**EXERCISE:** Only one span of the listing below should come back. It runs from the line with "using rmod_unique[OF assms(1), of" through the line with "z) c = (if u", and each of its lines must be reproduced exactly.
= = = =
(* Let $\mathbf{G}=(\mathcal{V},\mathcal{E})$ be a directed graph on $\mathcal{V}=\{1,\dots,m\}$, let $a>0$, let $x=(x_1,\dots,x_m)\in[0,a)^m$ be fixed, and let $\{r_{ij}\}_{(i,j)\in\mathcal{E}}$ be independent random variables, each uniform on $[0,ma)$. Define $t_i=\mathrm{mod}\big(\sum_{j:(j,i)\in\mathcal{E}} r_{ji}-\sum_{j:(i,j)\in\mathcal{E}} r_{ij},\,ma\big)$ and $\tilde{x}_i=\mathrm{mod}(x_i+t_i,ma)$. If the undirected graph $\bar{\mathbf{G}}$ is connected, then the perturbed inputs $(\tilde{x}_1,\dots,\tilde{x}_m)$ are uniformly distributed over $[0,ma)^m$ subject to the constraint $\mathrm{mod}\big(\sum_{i=1}^m\tilde{x}_i,ma\big)=\sum_{i=1}^m x_i$.
   Context: $\bar{\mathbf{G}}$ is the undirected graph on $\mathcal{V}$ obtained from $\mathbf{G}$ by ignoring edge orientations. For $a'>0$ and real $y$, $\mathrm{mod}(y,a')=y-pa'$ where $p$ is the unique integer with $y-pa'\in[0,a')$. *)

theory Defs
  imports "HOL-Probability.Probability"
begin

definition rmod :: "real \<Rightarrow> real \<Rightarrow> real" where
  "rmod y a' = y - a' * of_int \<lfloor>y / a'\<rfloor>"

definition undirected_connected :: "nat set \<Rightarrow> (nat \<times> nat) set \<Rightarrow> bool" where
  "undirected_connected V E \<longleftrightarrow> (\<forall>i\<in>V. \<forall>j\<in>V. (i, j) \<in> (E \<union> E\<inverse>)\<^sup>*)"

text \<open>Uniform distribution on [0,c)^m (coordinates 1..m) subject to mod(sum_i y_i, c) = s:
  the first m-1 coordinates are i.i.d. uniform on [0,c) and the last coordinate is the unique
  value in [0,c) fulfilling the constraint.\<close>
definition constrained_uniform :: "nat \<Rightarrow> real \<Rightarrow> real \<Rightarrow> (nat \<Rightarrow> real) measure" where
  "constrained_uniform m c s =
     distr (PiM {1..<m} (\<lambda>_. uniform_measure lborel {0..<c}))
           (PiM {1..m} (\<lambda>_. borel))
           (\<lambda>y. restrict (y(m := rmod (s - (\<Sum>i\<in>{1..<m}. y i)) c)) {1..m})"

definition tshift :: "nat \<Rightarrow> real \<Rightarrow> (nat \<times> nat) set \<Rightarrow> nat \<Rightarrow> (nat \<times> nat \<Rightarrow> real) \<Rightarrow> real" where
  "tshift m a E i r = rmod ((\<Sum>j\<in>{j\<in>{1..m}. (j, i) \<in> E}. r (j, i))
                          - (\<Sum>j\<in>{j\<in>{1..m}. (i, j) \<in> E}. r (i, j))) (real m * a)"

definition perturbed :: "nat \<Rightarrow> real \<Rightarrow> (nat \<times> nat) set \<Rightarrow> (nat \<Rightarrow> real) \<Rightarrow> (nat \<times> nat \<Rightarrow> real) \<Rightarrow> (nat \<Rightarrow> real)" where
  "perturbed m a E x r = (\<lambda>i\<in>{1..m}. rmod (x i + tshift m a E i r) (real m * a))"

end

theory Submission
  imports Defs
begin

text \<open>Shifting the edge variables by w modulo m a shifts the net inflow at every vertex by
  the net inflow of w, and when the undirected graph is connected every vector on {1..m-1}
  arises as the net inflows of some w. Hence the law of the first m - 1 perturbed inputs is a
  probability measure on the torus [0, m a)^(m-1) invariant under all translations, so it is
  the uniform (Haar) measure. The net inflows sum to zero, so the last perturbed input is
  determined by the others through the constraint on the sum.\<close>

section \<open>Reduction modulo a period\<close>

lemma rmod_eq_frac: "c \<noteq> 0 \<Longrightarrow> rmod y c = c * frac (y / c)"
  by (simp add: rmod_def frac_def right_diff_distrib)

lemma rmod_bounds:
  assumes "c > 0"
  shows "0 \<le> rmod y c" "rmod y c < c"
  using assms frac_lt_1[of "y / c"] by (simp_all add: rmod_eq_frac)

lemma rmod_unique:
  assumes "c > 0" "0 \<le> y - c * of_int k" "y - c * of_int k < c"
  shows "rmod y c = y - c * of_int k"
proof -
  have "\<lfloor>y / c\<rfloor> = k"
    using assms by (intro floor_unique) (auto simp: field_simps)
  then show ?thesis by (simp add: rmod_def)
qed

lemma rmod_add_int_mult: "rmod (y + c * of_int k) c = rmod y c"
proof (cases "c = 0")
  case False
  then have "\<lfloor>(y + c * of_int k) / c\<rfloor> = \<lfloor>y / c\<rfloor> + k"
    by (simp add: add_divide_distrib)
  then show ?thesis by (simp add: rmod_def algebra_simps)
qed (simp add: rmod_def)

lemma rmod_cong: "y - y' = c * of_int k \<Longrightarrow> rmod y c = rmod y' c"
proof -
  assume "y - y' = c * of_int k"
  then have "y = y' + c * of_int k" by simp
  then show ?thesis by (simp add: rmod_add_int_mult)
qed

lemma rmod_add_rmod: "rmod (rmod y c + z) c = rmod (y + z) c"
  by (rule rmod_cong[where k = "- \<lfloor>y / c\<rfloor>"]) (simp add: rmod_def)

lemma rmod_add_rmod_right: "rmod (z + rmod y c) c = rmod (z + y) c"
  using rmod_add_rmod[of y c z] by (simp add: add.commute)

lemma rmod_diff_sum_rmod: "rmod (y - (\<Sum>i\<in>S. rmod (f i) c)) c = rmod (y - sum f S) c"
  by (rule rmod_cong[where k = "\<Sum>i\<in>S. \<lfloor>f i / c\<rfloor>"])
     (simp add: rmod_def sum_subtractf sum_distrib_left)

lemma rmod_add_cases:
  assumes "c > 0" "0 \<le> u" "u < c" "0 \<le> w" "w < c"
  shows "rmod (u + w) c = (if u + w < c then u + w else u + w - c)"
  using rmod_unique[OF assms(1), of "u + w" 0] rmod_unique[OF assms(1), of "u + w" 1] assms
  by auto

lemma measurable_rmod [measurable]: "(\<lambda>y. rmod y c) \<in> borel_measurable borel"
  unfolding rmod_def by measurable

section \<open>Translation invariant measures on the torus\<close>

lemma emeasure_lborel_vimage_plus:
  assumes "B \<in> sets borel"
  shows "emeasure lborel ((+) (t::real) -` B) = emeasure lborel B"
proof -
  have "emeasure (distr lborel borel ((+) t)) B = emeasure lborel ((+) t -` B \<inter> space lborel)"
    using assms by (intro emeasure_distr) auto
  then show ?thesis by (simp add: lborel_distr_plus)
qed

text \<open>On [0,c), the map u \<mapsto> rmod (u + z) c is a rotation: it translates [0, c - w)
  onto [w, c) and [c - w, c) onto [0, w), where w = rmod z c.\<close>

lemma emeasure_Ico_vimage_rmod_shift:
  assumes c: "c > 0" and A: "A \<in> sets borel"
  shows "emeasure lborel ({0..<c} \<inter> (\<lambda>u. rmod (u + z) c) -` A) = emeasure lborel ({0..<c} \<inter> A)"
proof -
  define w where "w = rmod z c"
  have w: "0 \<le> w" "w < c"
    using rmod_bounds[OF c] by (auto simp: w_def)
  have rotate: "rmod (u + z) c = (if u + w < c then u + w else u + w - c)" if "0 \<le> u" "u < c" for u
    using rmod_add_rmod[of z c u] rmod_add_cases[OF c that w] by (simp add: w_def add.commute)
  define S1 where "S1 = (+) w -` (A \<inter> {w..<c})"
  define S2 where "S2 = (+) (w - c) -` (A \<inter> {0..<w})"
  have "{0..<c} \<inter> (\<lambda>u. rmod (u + z) c) -` A = S1 \<union> S2"
  proof (intro set_eqI iffI)
    fix u assume "u \<in> {0..<c} \<inter> (\<lambda>u. rmod (u + z) c) -` A"
    then show "u \<in> S1 \<union> S2"
      using rotate[of u] w by (auto simp: S1_def S2_def add_diff_eq add.commute split: if_splits)
  next
    fix u assume "u \<in> S1 \<union> S2"
    then show "u \<in> {0..<c} \<inter> (\<lambda>u. rmod (u + z) c) -` A"
      using rotate[of u] w by (auto simp: S1_def S2_def add_diff_eq add.commute)
  qed
  also have "emeasure lborel (S1 \<union> S2) = emeasure lborel S1 + emeasure lborel S2"
    using A by (intro plus_emeasure[symmetric]) (auto simp: S1_def S2_def)
  also have "\<dots> = emeasure lborel (A \<inter> {w..<c}) + emeasure lborel (A \<inter> {0..<w})"
    unfolding S1_def S2_def using A
    by (simp only: emeasure_lborel_vimage_plus sets.Int atLeastLessThan_borel)
  also have "\<dots> = emeasure lborel ((A \<inter> {w..<c}) \<union> (A \<inter> {0..<w}))"
    using A by (intro plus_emeasure) auto
  also have "(A \<inter> {w..<c}) \<union> (A \<inter> {0..<w}) = {0..<c} \<inter> A"
    using w by auto
  finally show ?thesis .
qed

abbreviation Unif :: "real \<Rightarrow> real measure" where
  "Unif c \<equiv> uniform_measure lborel {0..<c}"

lemma prob_space_Unif: "c > 0 \<Longrightarrow> prob_space (Unif c)"
  by (rule prob_space_uniform_measure) auto

lemma distr_Unif_rmod_shift:
  assumes c: "c > 0"
  shows "distr (Unif c) borel (\<lambda>u. rmod (u + z) c) = Unif c"
proof (rule measure_eqI)
  fix A assume "A \<in> sets (distr (Unif c) borel (\<lambda>u. rmod (u + z) c))"
  then have A: "A \<in> sets borel" by simp
  have "(\<lambda>u. rmod (u + z) c) \<in> borel_measurable borel"
    by measurable
  from measurable_sets[OF this A] have "(\<lambda>u. rmod (u + z) c) -` A \<in> sets borel"
    by simp
  with A have "emeasure (distr (Unif c) borel (\<lambda>u. rmod (u + z) c)) A
      = emeasure lborel ({0..<c} \<inter> (\<lambda>u. rmod (u + z) c) -` A) / emeasure lborel {0..<c}"
    by (simp add: emeasure_distr emeasure_uniform_measure Int_commute)
  also have "\<dots> = emeasure (Unif c) A"
    using A by (simp add: emeasure_Ico_vimage_rmod_shift[OF c A] emeasure_uniform_measure Int_commute)
  finally show "emeasure (distr (Unif c) borel (\<lambda>u. rmod (u + z) c)) A = emeasure (Unif c) A" .
qed simp

definition torus_shift :: "'i set \<Rightarrow> real \<Rightarrow> ('i \<Rightarrow> real) \<Rightarrow> ('i \<Rightarrow> real) \<Rightarrow> 'i \<Rightarrow> real" where
  "torus_shift I c z y = (\<lambda>i\<in>I. rmod (y i + z i) c)"

lemma torus_shift_commute: "torus_shift I c z y = torus_shift I c y z"
  by (simp add: torus_shift_def add.commute)

lemma sets_PiM_Unif: "sets (PiM I (\<lambda>_. Unif c)) = sets (PiM I (\<lambda>_. borel))"
  by (rule sets_PiM_cong) simp_all

lemma measurable_torus_shift:
  assumes "sets M = sets (PiM I (\<lambda>_. borel))"
  shows "torus_shift I c z \<in> measurable M (PiM I (\<lambda>_. borel))"
  unfolding measurable_cong_sets[OF assms refl] torus_shift_def
  by (intro measurable_restrict) measurable

lemma distr_PiM_Unif_torus_shift:
  assumes I: "finite I" and c: "c > 0"
  shows "distr (PiM I (\<lambda>_. Unif c)) (PiM I (\<lambda>_. borel)) (torus_shift I c z) = PiM I (\<lambda>_. Unif c)"
proof -
  interpret P: product_prob_space "\<lambda>_. Unif c"
    by (intro product_prob_spaceI prob_space_Unif c)
  show ?thesis
  proof (rule P.PiM_eqI[OF I])
    show "sets (distr (PiM I (\<lambda>_. Unif c)) (PiM I (\<lambda>_. borel)) (torus_shift I c z))
        = sets (PiM I (\<lambda>_. Unif c))"
      by (simp add: sets_PiM_Unif)
    fix A assume A: "\<And>i. i \<in> I \<Longrightarrow> A i \<in> sets (Unif c)"
    have shift_measurable: "(\<lambda>u. rmod (u + t) c) \<in> measurable (Unif c) borel" for t
      by measurable
    have "torus_shift I c z -` Pi\<^sub>E I A \<inter> space (PiM I (\<lambda>_. Unif c))
       = Pi\<^sub>E I (\<lambda>i. (\<lambda>u. rmod (u + z i) c) -` A i \<inter> space (Unif c))"
      by (auto simp: torus_shift_def space_PiM PiE_def Pi_def extensional_def)
    then have "emeasure (distr (PiM I (\<lambda>_. Unif c)) (PiM I (\<lambda>_. borel)) (torus_shift I c z)) (Pi\<^sub>E I A)
       = emeasure (PiM I (\<lambda>_. Unif c)) (Pi\<^sub>E I (\<lambda>i. (\<lambda>u. rmod (u + z i) c) -` A i \<inter> space (Unif c)))"
      using A I by (simp add: emeasure_distr measurable_torus_shift sets_PiM_Unif sets_PiM_I_finite)
    also have "\<dots> = (\<Prod>i\<in>I. emeasure (distr (Unif c) borel (\<lambda>u. rmod (u + z i) c)) (A i))"
      using A measurable_sets[OF shift_measurable] by (simp add: P.emeasure_PiM I emeasure_distr)
    also have "\<dots> = (\<Prod>i\<in>I. emeasure (Unif c) (A i))"
      by (simp add: distr_Unif_rmod_shift[OF c])
    finally show "emeasure (distr (PiM I (\<lambda>_. Unif c)) (PiM I (\<lambda>_. borel)) (torus_shift I c z)) (Pi\<^sub>E I A)
       = (\<Prod>i\<in>I. emeasure (Unif c) (A i))" .
  qed
qed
= = = =
**RESULT OF THIS EXERCISE:**
  using rmod_unique[OF assms(1), of "u + w" 0] rmod_unique[OF assms(1), of "u + w" 1] assms
  by auto

lemma measurable_rmod [measurable]: "(\<lambda>y. rmod y c) \<in> borel_measurable borel"
  unfolding rmod_def by measurable

section \<open>Translation invariant measures on the torus\<close>

lemma emeasure_lborel_vimage_plus:
  assumes "B \<in> sets borel"
  shows "emeasure lborel ((+) (t::real) -` B) = emeasure lborel B"
proof -
  have "emeasure (distr lborel borel ((+) t)) B = emeasure lborel ((+) t -` B \<inter> space lborel)"
    using assms by (intro emeasure_distr) auto
  then show ?thesis by (simp add: lborel_distr_plus)
qed

text \<open>On [0,c), the map u \<mapsto> rmod (u + z) c is a rotation: it translates [0, c - w)
  onto [w, c) and [c - w, c) onto [0, w), where w = rmod z c.\<close>

lemma emeasure_Ico_vimage_rmod_shift:
  assumes c: "c > 0" and A: "A \<in> sets borel"
  shows "emeasure lborel ({0..<c} \<inter> (\<lambda>u. rmod (u + z) c) -` A) = emeasure lborel ({0..<c} \<inter> A)"
proof -
  define w where "w = rmod z c"
  have w: "0 \<le> w" "w < c"
    using rmod_bounds[OF c] by (auto simp: w_def)
  have rotate: "rmod (u + z) c = (if u + w < c then u + w else u + w - c)" if "0 \<le> u" "u < c" for u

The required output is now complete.